§ Assignment
Only lines with the string "spectral" should be returned from the data below.

(Stored data)
____
(* Let $d,m$ be positive integers and let $X=\{X_k:k\in\mathbb{Z}^d\}$ be a centered, complex-valued, strictly stationary random field with $E|X_0|^2=\sigma^2<\infty$ and $\varrho'(X,n)\to0$ as $n\to\infty$; let $f$ be its (continuous) spectral density, $f(\lambda):=f(e^{i\lambda})$. Let $\lambda\in\mathfrak P:=(-\pi,\pi]^d\setminus\{-\pi,0,\pi\}^d$. Let $\{v^{(n)}\}$ be a sequence in $\mathbb{N}^d$ with $\lim_n\min\{v^{(n)}_1,\dots,v^{(n)}_d\}=\infty$. Let $\{\lambda^{(j,n)}\}_{n=1}^\infty$, $j=1,\dots,m$, be sequences in $(-\pi,\pi]^d$ converging to $\lambda$ such that for every pair $j\ne k$ there are $\delta(j,k)\in(0,1/2)$ and $N(j,k)\in\mathbb{N}$ such that for every $n\ge N(j,k)$ some index $s$ satisfies $|\lambda^{(j,n)}_s-\lambda^{(k,n)}_s|>(v^{(n)}_s)^{-(1/2-\delta(j,k))}$. Let $\mathbf v=(a_1,b_1,\dots,a_m,b_m)\in\mathbb{R}^{2m}$ be fixed. Then \[\lim_{n\to\infty}\sup_{w\in\mathbb{Z}^d}\left|\tfrac12 f(\lambda)\|\mathbf v\|^2-\frac{1}{V^{(n)}}E\big[G(\mathbf v,\mathbf S_n^w)\big]^2\right|=0.\]
   Context: Strictly stationary: all finite-dimensional joint distributions are invariant under translation of indices. $\varrho(\mathcal A,\mathcal B)=\sup\mathrm{Corr}(f,g)$ over real $f\in L^2(\mathcal A),g\in L^2(\mathcal B)$; $\varrho'(X,n)=\sup_{S,T}\varrho(\sigma(X_k:k\in S),\sigma(X_k:k\in T))$ over finite nonempty $S,T\subset\mathbb{Z}^d$ with $|k_u-l_u|\ge n$ for all $k\in S,l\in T$ for some coordinate $u$. The spectral density is the nonnegative function $f$ on $\mathbb{T}^d$ with $EX_k\overline{X_j}=\int_{\mathbb{T}^d}e^{i(k-j)\cdot\theta}f(e^{i\theta})\,dm^d$ ($m^d$ normalized Haar measure); it exists and is continuous under these hypotheses. $X_k^{(\mu)}:=e^{-ik\cdot\mu}X_k$; $\mathfrak B_n:=\{w\in\mathbb{N}^d:1\le w_j\le v^{(n)}_j\}$; $V^{(n)}:=\prod_jv^{(n)}_j$; $\mathfrak B_{w,n}:=\{k+w:k\in\mathfrak B_n\}$; $S^{(\mu)}_{\mathcal S}:=\sum_{k\in\mathcal S}X_k^{(\mu)}$. $\mathbf S_n^w:=\big(S^{(\lambda^{(1,n)})}_{\mathfrak B_{w,n}},\dots,S^{(\lambda^{(m,n)})}_{\mathfrak B_{w,n}}\big)\in\mathbb{C}^m$. For $\mathbf z\in\mathbb{C}^m$, $G(\mathbf v,\mathbf z):=\sum_{j=1}^m(a_j\,\mathrm{Re}\,z_j+b_j\,\mathrm{Im}\,z_j)$, and $\|\mathbf v\|^2=\sum_j(a_j^2+b_j^2)$. *)

theory Defs
  imports "HOL-Probability.Probability"
begin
____
§ Output for this exercise
(* Let $d,m$ be positive integers and let $X=\{X_k:k\in\mathbb{Z}^d\}$ be a centered, complex-valued, strictly stationary random field with $E|X_0|^2=\sigma^2<\infty$ and $\varrho'(X,n)\to0$ as $n\to\infty$; let $f$ be its (continuous) spectral density, $f(\lambda):=f(e^{i\lambda})$. Let $\lambda\in\mathfrak P:=(-\pi,\pi]^d\setminus\{-\pi,0,\pi\}^d$. Let $\{v^{(n)}\}$ be a sequence in $\mathbb{N}^d$ with $\lim_n\min\{v^{(n)}_1,\dots,v^{(n)}_d\}=\infty$. Let $\{\lambda^{(j,n)}\}_{n=1}^\infty$, $j=1,\dots,m$, be sequences in $(-\pi,\pi]^d$ converging to $\lambda$ such that for every pair $j\ne k$ there are $\delta(j,k)\in(0,1/2)$ and $N(j,k)\in\mathbb{N}$ such that for every $n\ge N(j,k)$ some index $s$ satisfies $|\lambda^{(j,n)}_s-\lambda^{(k,n)}_s|>(v^{(n)}_s)^{-(1/2-\delta(j,k))}$. Let $\mathbf v=(a_1,b_1,\dots,a_m,b_m)\in\mathbb{R}^{2m}$ be fixed. Then \[\lim_{n\to\infty}\sup_{w\in\mathbb{Z}^d}\left|\tfrac12 f(\lambda)\|\mathbf v\|^2-\frac{1}{V^{(n)}}E\big[G(\mathbf v,\mathbf S_n^w)\big]^2\right|=0.\]
   Context: Strictly stationary: all finite-dimensional joint distributions are invariant under translation of indices. $\varrho(\mathcal A,\mathcal B)=\sup\mathrm{Corr}(f,g)$ over real $f\in L^2(\mathcal A),g\in L^2(\mathcal B)$; $\varrho'(X,n)=\sup_{S,T}\varrho(\sigma(X_k:k\in S),\sigma(X_k:k\in T))$ over finite nonempty $S,T\subset\mathbb{Z}^d$ with $|k_u-l_u|\ge n$ for all $k\in S,l\in T$ for some coordinate $u$. The spectral density is the nonnegative function $f$ on $\mathbb{T}^d$ with $EX_k\overline{X_j}=\int_{\mathbb{T}^d}e^{i(k-j)\cdot\theta}f(e^{i\theta})\,dm^d$ ($m^d$ normalized Haar measure); it exists and is continuous under these hypotheses. $X_k^{(\mu)}:=e^{-ik\cdot\mu}X_k$; $\mathfrak B_n:=\{w\in\mathbb{N}^d:1\le w_j\le v^{(n)}_j\}$; $V^{(n)}:=\prod_jv^{(n)}_j$; $\mathfrak B_{w,n}:=\{k+w:k\in\mathfrak B_n\}$; $S^{(\mu)}_{\mathcal S}:=\sum_{k\in\mathcal S}X_k^{(\mu)}$. $\mathbf S_n^w:=\big(S^{(\lambda^{(1,n)})}_{\mathfrak B_{w,n}},\dots,S^{(\lambda^{(m,n)})}_{\mathfrak B_{w,n}}\big)\in\mathbb{C}^m$. For $\mathbf z\in\mathbb{C}^m$, $G(\mathbf v,\mathbf z):=\sum_{j=1}^m(a_j\,\mathrm{Re}\,z_j+b_j\,\mathrm{Im}\,z_j)$, and $\|\mathbf v\|^2=\sum_j(a_j^2+b_j^2)$. *)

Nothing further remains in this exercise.